=== INFORMATION SUPPLIED ===
(* Let $A\subset\mathbb R^\tau$ be a compact max-min convex set and let $\xi\colon J(A)\to A$ be the max-min barycenter map $\xi(\mu)=(\mu(p_\alpha))_{\alpha<\tau}$. Then $(A,\xi)$ is a $\mathbb J$-algebra, i.e. $\xi\circ\eta_A=1_A$ and $\xi\circ\psi_A=\xi\circ J(\xi)$.
   Context: A max-min measure on a compact Hausdorff space $X$ is a functional $\mu\colon C(X)\to\mathbb R$ (not assumed continuous) with $\mu(c_X)=c$ for constants, $\mu(\varphi\vee\psi)=\mu(\varphi)\vee\mu(\psi)$, $\mu(c\wedge\varphi)=c\wedge\mu(\varphi)$ for $c\in\mathbb R$; $J(X)$ is the set of max-min measures with the topology of pointwise convergence on $C(X)$; for continuous $f$, $J(f)(\mu)(\varphi)=\mu(\varphi\circ f)$. $\eta_X(x)=\delta_x$ with $\delta_x(\varphi)=\varphi(x)$; $\psi_X\colon J(J(X))\to J(X)$ is $\psi_X(M)(\varphi)=M(\bar\varphi)$, $\bar\varphi(\mu)=\mu(\varphi)$. $p_\alpha\colon A\to\mathbb R$ is the $\alpha$-th coordinate projection. A subset $A\subset\mathbb R^\tau$ is max-min convex if $x\vee(\lambda\wedge y)\in A$ for all $x,y\in A$, $\lambda\in\mathbb R$ (coordinatewise operations); for such compact $A$, $\xi$ takes values in $A$. *)

theory Defs
  imports "HOL-Analysis.Analysis"
begin

text \<open>C(X): continuous real functions on the topological space X, represented
  canonically as extensional functions (value undefined outside topspace X).\<close>
definition Cfun :: "'a topology \<Rightarrow> ('a \<Rightarrow> real) set" where
  "Cfun X = {\<phi>. continuous_map X euclideanreal \<phi> \<and> \<phi> \<in> extensional (topspace X)}"

definition maxmin_measure :: "'a topology \<Rightarrow> (('a \<Rightarrow> real) \<Rightarrow> real) \<Rightarrow> bool" where
  "maxmin_measure X \<mu> \<longleftrightarrow>
     \<mu> \<in> extensional (Cfun X) \<and>
     (\<forall>c::real. \<mu> (restrict (\<lambda>_. c) (topspace X)) = c) \<and>
     (\<forall>\<phi>\<in>Cfun X. \<forall>\<psi>\<in>Cfun X.
        \<mu> (restrict (\<lambda>x. max (\<phi> x) (\<psi> x)) (topspace X)) = max (\<mu> \<phi>) (\<mu> \<psi>)) \<and>
     (\<forall>c::real. \<forall>\<phi>\<in>Cfun X.
        \<mu> (restrict (\<lambda>x. min c (\<phi> x)) (topspace X)) = min c (\<mu> \<phi>))"

definition J :: "'a topology \<Rightarrow> (('a \<Rightarrow> real) \<Rightarrow> real) topology" where
  "J X = subtopology (product_topology (\<lambda>_. euclideanreal) (Cfun X)) {\<mu>. maxmin_measure X \<mu>}"

definition Jmap :: "'a topology \<Rightarrow> 'b topology \<Rightarrow> ('a \<Rightarrow> 'b)
    \<Rightarrow> (('a \<Rightarrow> real) \<Rightarrow> real) \<Rightarrow> (('b \<Rightarrow> real) \<Rightarrow> real)" where
  "Jmap X Y f \<mu> = restrict (\<lambda>\<phi>. \<mu> (restrict (\<phi> \<circ> f) (topspace X))) (Cfun Y)"

definition eta :: "'a topology \<Rightarrow> 'a \<Rightarrow> (('a \<Rightarrow> real) \<Rightarrow> real)" where
  "eta X x = restrict (\<lambda>\<phi>. \<phi> x) (Cfun X)"

definition psi :: "'a topology \<Rightarrow> (((('a \<Rightarrow> real) \<Rightarrow> real) \<Rightarrow> real) \<Rightarrow> real)
    \<Rightarrow> (('a \<Rightarrow> real) \<Rightarrow> real)" where
  "psi X M = restrict (\<lambda>\<phi>. M (restrict (\<lambda>\<mu>. \<mu> \<phi>) (topspace (J X)))) (Cfun X)"

definition maxmin_convex :: "('i \<Rightarrow> real) set \<Rightarrow> bool" where
  "maxmin_convex A \<longleftrightarrow>
     (\<forall>x\<in>A. \<forall>y\<in>A. \<forall>l::real. (\<lambda>\<alpha>. max (x \<alpha>) (min l (y \<alpha>))) \<in> A)"

definition proj :: "('i \<Rightarrow> real) set \<Rightarrow> 'i \<Rightarrow> ('i \<Rightarrow> real) \<Rightarrow> real" where
  "proj A \<alpha> = restrict (\<lambda>x. x \<alpha>) A"

definition xi :: "('i \<Rightarrow> real) set \<Rightarrow> ((('i \<Rightarrow> real) \<Rightarrow> real) \<Rightarrow> real) \<Rightarrow> ('i \<Rightarrow> real)" where
  "xi A \<mu> = (\<lambda>\<alpha>. \<mu> (proj A \<alpha>))"

end

theory Submission
  imports Defs
begin

text \<open>The associativity law holds coordinatewise as soon as the
  barycenter b = \<xi>(\<mu>) of every max-min measure \<mu> on A lies in A, since then \<mu> \<mapsto> \<mu>(p_\<alpha>)
  and p_\<alpha> \<circ> \<xi> agree on J(A).
  If b \<notin> A, closedness of A in the product topology yields finitely many coordinates F and
  e > 0 such that no point of A is e-close to b on F. Although \<mu> only respects \<squnion> and
  truncation by constants, ramps show \<mu>(f) \<le> L \<squnion> \<Squnion>\<beta>. \<mu>(\<phi>_\<beta>) whenever f \<le> L outside the
  sets {\<phi>_\<beta> \<ge> c_\<beta>} with \<mu>(\<phi>_\<beta>) < c_\<beta>. By contraposition there are points y_\<alpha> \<in> A (\<alpha> \<in> F)
  with y_\<alpha>(\<alpha>) \<ge> b(\<alpha>) - e/2 and y_\<alpha>(\<beta>) \<le> b(\<beta>) + e/2 whenever b(\<beta>) < b(\<alpha>), and a point
  z \<in> A below b + e/2 on F. Their max-min combination z \<squnion> \<Squnion>\<alpha>. (b(\<alpha>) - e/2) \<sqinter> y_\<alpha> lies in A
  and is e/2-close to b on F.\<close>

lemma Max_insert_insert:
  fixes b c :: "'a::linorder"
  assumes "finite X"
  shows "Max (insert c (insert b X)) = max b (Max (insert c X))"
  using assms by (simp add: insert_commute)

lemma continuous_on_Max_insert:
  fixes w :: "'i \<Rightarrow> 'a::topological_space \<Rightarrow> 'b::linorder_topology"
  assumes "finite G" "\<And>\<beta>. \<beta> \<in> G \<Longrightarrow> continuous_on A (w \<beta>)"
  shows "continuous_on A (\<lambda>x. Max (insert c ((\<lambda>\<beta>. w \<beta> x) ` G)))"
  using assms
proof (induction G rule: finite_induct)
  case (insert \<alpha> G)
  then show ?case
    unfolding image_insert Max_insert_insert[OF finite_imageI[OF insert(1)]]
    by (auto intro!: continuous_intros)
qed simp
lemma dot_axis_left: "dot (axis i c) y = c * y $ i"
proof -
  have "dot (axis i c) y = (\<Sum>j\<in>UNIV. if j = i then c * y $ j else 0)"
    unfolding dot_def axis_def by (rule sum.cong) auto
  then show ?thesis
    by simp
qed

lemma dot_axis_right: "dot x (axis i c) = x $ i * c"
  by (simp add: dot_commute[of x] dot_axis_left mult.commute)

lemma matrix_vector_mult_axis: "(A *v axis j 1) $ i = A $ i $ j"
  by (simp add: matrix_vector_mult_def axis_def if_distrib sum.If_cases cong del: if_weak_cong)

lemma dot_matrix_vector_mult: "dot x (B *v y) = (\<Sum>s\<in>UNIV. \<Sum>t\<in>UNIV. B $ s $ t * x $ s * y $ t)"
  by (simp add: dot_def matrix_vector_mult_def sum_distrib_left mult_ac)

lemma dot_vector_matrix_mult: "dot x (A *v y) = dot (x v* A) y"
  by (simp add: dot_def matrix_vector_mult_def vector_matrix_mult_def sum_distrib_left
      sum_distrib_right ac_simps)
     (subst sum.swap, simp)

lemma dot_symmetric_matrix:
  "transpose A = A \<Longrightarrow> dot x (A *v y) = dot (A *v x) y"
  by (metis dot_vector_matrix_mult transpose_matrix_vector)

lemma dot_sum_matrix_vector_mult:
  "finite J \<Longrightarrow> dot x ((\<Sum>j\<in>J. A j) *v y) = (\<Sum>j\<in>J. dot x (A j *v y))"
  by (induction J rule: finite_induct) (simp_all add: matrix_vector_mult_add_rdistrib dot_add_right)

lemma matrix_vector_mult_scale: "A *v (c *s x) = c *s (A *v x)"
  for A :: "'a::comm_ring_1^'n^'m"
  by (simp add: vec_eq_iff matrix_vector_mult_def sum_distrib_left algebra_simps)

lemma trace_eq_sum_axis: "trace A = (\<Sum>i\<in>UNIV. (A *v axis i 1) $ i)"
  by (simp add: trace_def matrix_vector_mult_axis)

text \<open>Up to the factor \<open>8\<close>, the action of the quadric \<open>y\<^sup>TBy\<close> on \<open>q\<^sup>2\<close>, as a matrix.\<close>

definition quartic_contract :: "'a::comm_semiring_1^'n^'n \<Rightarrow> 'a^'n^'n \<Rightarrow> 'a^'n^'n" where
  "quartic_contract M B = (\<chi> i k. \<Sum>s\<in>UNIV. \<Sum>t\<in>UNIV. B $ s $ t * quartic_tensor M s t i k)"

lemma quartic_tensor_rotate:
  "transpose M = M \<Longrightarrow> quartic_tensor M r s t u = quartic_tensor M s t u r"
  by (simp add: quartic_tensor_def transpose_def vec_eq_iff algebra_simps)

lemma apolar_quadric_imp_quartic_contract_eq_0:
  assumes hq: "homog 2 q" and ap: "apolar G (pmult q q)"
    and vanish: "\<And>v. v \<in> G \<Longrightarrow> dot v (B *v v) = 0"
  shows "quartic_contract (qmat q) B = 0"
proof -
  define g where "g = lincomb UNIV (\<lambda>(s, t). B $ s $ t) (\<lambda>(s, t). unit_mon s + unit_mon t)"
  have "peval g v = dot v (B *v v)" for v
    by (simp add: g_def peval_lincomb sum_UNIV_prod power_add prod.distrib prod_power_unit_mon
        dot_matrix_vector_mult mult_ac)
  then have "g \<in> ideal_of_points G"
    by (intro homog_mem_ideal_of_points[where d = 2])
       (auto simp: g_def is_poly_lincomb vanish intro!: homog_lincomb split: prod.splits)
  then have "papply g (pmult q q) (unit_mon i + unit_mon k) = 0" for i k
    using ap by (simp add: apolar_def)
  moreover have "papply g (pmult q q) (unit_mon i + unit_mon k)
      = 8 * quartic_contract (qmat q) B $ i $ k / mon_fact (unit_mon i + unit_mon k)" for i k
    by (simp add: g_def papply_lincomb sum_UNIV_prod add.assoc[symmetric] quartic_contract_def
        mon_fact_mult_coeff_square[OF hq] sum_divide_distrib sum_distrib_left mult_ac)
  moreover have "mon_fact a \<noteq> 0" for a
    by (simp add: mon_fact_def)
  ultimately show ?thesis
    by (simp add: vec_eq_iff)
qed

lemma apolar_cubic_imp_quartic_contract_mult_eq_0:
  assumes hq: "homog 2 q" and ap: "apolar G (pmult q q)"
    and vanish: "\<And>v. v \<in> G \<Longrightarrow> dot a v * dot v (B *v v) = 0"
  shows "quartic_contract (qmat q) B *v a = 0"
proof -
  define g where "g = lincomb UNIV (\<lambda>(r, s, t). a $ r * B $ s $ t)
    (\<lambda>(r, s, t). unit_mon r + unit_mon s + unit_mon t)"
  have "peval g v = (\<Sum>r\<in>UNIV. a $ r * v $ r * (\<Sum>s\<in>UNIV. \<Sum>t\<in>UNIV. B $ s $ t * v $ s * v $ t))" for v
    by (simp add: g_def peval_lincomb sum_UNIV_prod power_add prod.distrib prod_power_unit_mon
        sum_distrib_left mult_ac)
  then have "peval g v = dot a v * dot v (B *v v)" for v
    unfolding dot_matrix_vector_mult by (simp add: dot_def sum_distrib_right)
  then have "g \<in> ideal_of_points G"
    by (intro homog_mem_ideal_of_points[where d = 3])
       (auto simp: g_def is_poly_lincomb vanish intro!: homog_lincomb split: prod.splits)
  then have "papply g (pmult q q) (unit_mon i) = 0" for i
    using ap by (simp add: apolar_def)
  moreover have "papply g (pmult q q) (unit_mon i) = 8 * (quartic_contract (qmat q) B *v a) $ i"
    for i
    by (simp add: g_def papply_lincomb sum_UNIV_prod mon_fact_unit_mon quartic_contract_def
        mon_fact_mult_coeff_square[OF hq] matrix_vector_mult_def
        quartic_tensor_rotate[OF transpose_qmat, of _ _ _ _ i]
        sum_distrib_left sum_distrib_right mult_ac)
  ultimately show ?thesis
    by (simp add: vec_eq_iff)
qed
lemma approach_from_positive_side:
  fixes a z :: "'a::real_inner"
  assumes "a \<noteq> 0" "open U" "z \<in> U" "e > 0"
  shows "\<exists>w\<in>U. dist z w < e \<and> a \<bullet> w > a \<bullet> z"
proof -
  obtain d where d: "d > 0" "ball z d \<subseteq> U" using assms(2,3) open_contains_ball by blast
  define t where "t = min e d / (2 * norm a)"
  have t: "t > 0" using assms d by (simp add: t_def)
  define w where "w = z + t *\<^sub>R a"
  have "dist z w = min e d / 2" using assms t d by (simp add: w_def dist_norm t_def)
  then have "dist z w < e" "w \<in> U" using assms d by (auto simp: dist_commute)
  moreover have "a \<bullet> w = a \<bullet> z + t * (a \<bullet> a)" by (simp add: w_def inner_add_right)
  then have "a \<bullet> w > a \<bullet> z" using t assms by simp
  ultimately show ?thesis by blast
qed

lemma plane_point_in_frontier:
  fixes P :: "'a::real_inner set"
  assumes "a \<noteq> 0" "open U" "z \<in> U" "a \<bullet> z = b"
    and "U \<inter> {x. a \<bullet> x > b} \<subseteq> P" "U \<inter> {x. a \<bullet> x < b} \<inter> P = {}"
  shows "z \<in> frontier P"
  unfolding frontier_straddle
proof (intro allI impI conjI)
  fix e :: real assume "e > 0"
  then obtain w1 w2 where "w1 \<in> U" "dist z w1 < e" "a \<bullet> w1 > a \<bullet> z"
    and "w2 \<in> U" "dist z w2 < e" "(-a) \<bullet> w2 > (-a) \<bullet> z"
    using approach_from_positive_side[of a U z e] approach_from_positive_side[of "-a" U z e]
      assms(1-3) by auto
  then show "\<exists>x\<in>P. dist z x < e" "\<exists>x. x \<notin> P \<and> dist z x < e"
    using assms(4-6) by auto
qed

lemma half_balls_in_closed_set:
  fixes P :: "'a::real_inner set"
  assumes cl: "closed P" and a: "a \<noteq> 0"
    and pos: "ball y r \<inter> {x. a \<bullet> x > b} \<subseteq> P" and neg: "ball y r \<inter> {x. a \<bullet> x < b} \<subseteq> P"
  shows "ball y r \<subseteq> P"
proof
  fix x assume x: "x \<in> ball y r"
  show "x \<in> P"
  proof (cases "a \<bullet> x = b")
    case True
    have "x \<in> closure P"
      unfolding closure_approachable
      using approach_from_positive_side[OF a open_ball x] pos True by (fastforce simp: dist_commute)
    then show ?thesis using cl by simp
  next
    case False
    then show ?thesis using x pos neg by (auto simp: neq_iff)
  qed
qed

lemma interior_point_meets_open_side:
  fixes P :: "'a::real_inner set"
  assumes a: "a \<noteq> 0" and w: "w \<in> interior P" "w \<in> ball y r"
  shows "ball y r \<inter> {x. a \<bullet> x \<noteq> b} \<inter> P \<noteq> {}"
proof (cases "a \<bullet> w = b")
  case True
  obtain e where e: "e > 0" "ball w e \<subseteq> P" using w(1) by (meson mem_interior)
  obtain v where "v \<in> ball y r" "dist w v < e" "a \<bullet> v > a \<bullet> w"
    using approach_from_positive_side[OF a open_ball w(2) e(1)] by blast
  then show ?thesis using e True by fastforce
next
  case False
  then show ?thesis using w interior_subset by blast
qed

text \<open>Each
  open half ball misses the frontier, so lies inside or outside P; regularity rules
  out both inside (y would be interior) and both outside (P would be thin).\<close>
lemma locally_flat_frontier_fills_plane:
  fixes P :: "'a::real_inner set"
  assumes cl: "closed P" and reg: "P = closure (interior P)" and yf: "y \<in> frontier P"
    and a: "a \<noteq> 0" and r: "r > 0"
    and flat: "ball y r \<inter> frontier P \<subseteq> {x. a \<bullet> x = b}"
  shows "ball y r \<inter> {x. a \<bullet> x = b} \<subseteq> frontier P"
proof -
  define Bp where "Bp = ball y r \<inter> {x. a \<bullet> x > b}"
  define Bm where "Bm = ball y r \<inter> {x. a \<bullet> x < b}"
  have side: "B \<subseteq> P \<or> B \<inter> P = {}" if "B \<in> {Bp, Bm}" for B
  proof -
    have "connected B" "B \<inter> frontier P = {}" using that flat unfolding Bp_def Bm_def
      by (auto intro!: convex_connected convex_Int convex_halfspace_gt convex_halfspace_lt)
    then show ?thesis using connected_Int_frontier[of B P] by blast
  qed
  have "\<not> (Bp \<subseteq> P \<and> Bm \<subseteq> P)"
  proof
    assume "Bp \<subseteq> P \<and> Bm \<subseteq> P"
    then have "ball y r \<subseteq> P" using half_balls_in_closed_set[OF cl a] unfolding Bp_def Bm_def by blast
    then have "y \<in> interior P" using r by (meson centre_in_ball interior_maximal open_ball subsetD)
    then show False using yf by (simp add: frontier_def)
  qed
  moreover have "\<not> (Bp \<inter> P = {} \<and> Bm \<inter> P = {})"
  proof
    assume outside: "Bp \<inter> P = {} \<and> Bm \<inter> P = {}"
    have "y \<in> closure (interior P)" using yf cl reg frontier_subset_closed by auto
    then obtain w where "w \<in> interior P" "w \<in> ball y r"
      using r unfolding closure_approachable by (metis dist_commute mem_ball)
    then have "ball y r \<inter> {x. a \<bullet> x \<noteq> b} \<inter> P \<noteq> {}"
      by (rule interior_point_meets_open_side[OF a])
    then show False using outside by (auto simp: Bp_def Bm_def neq_iff)
  qed
  ultimately have "(Bp \<subseteq> P \<and> Bm \<inter> P = {}) \<or> (Bm \<subseteq> P \<and> Bp \<inter> P = {})"
    using side by blast
  then show ?thesis
  proof
    assume "Bp \<subseteq> P \<and> Bm \<inter> P = {}"
    then show ?thesis
      using plane_point_in_frontier[OF a open_ball] by (auto simp: Bp_def Bm_def)
  next
    assume "Bm \<subseteq> P \<and> Bp \<inter> P = {}"
    then show ?thesis
      using plane_point_in_frontier[of "-a" "ball y r" _ "-b" P] a by (auto simp: Bp_def Bm_def)
  qed
qed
===
Using only the entries above, output the line with "(\<forall>c::real. \<forall>\<phi>\<in>Cfun X.", the line with "X = subtopology", and all lines between them, exactly as they stand.

     (\<forall>c::real. \<forall>\<phi>\<in>Cfun X.
        \<mu> (restrict (\<lambda>x. min c (\<phi> x)) (topspace X)) = min c (\<mu> \<phi>))"

definition J :: "'a topology \<Rightarrow> (('a \<Rightarrow> real) \<Rightarrow> real) topology" where
  "J X = subtopology (product_topology (\<lambda>_. euclideanreal) (Cfun X)) {\<mu>. maxmin_measure X \<mu>}"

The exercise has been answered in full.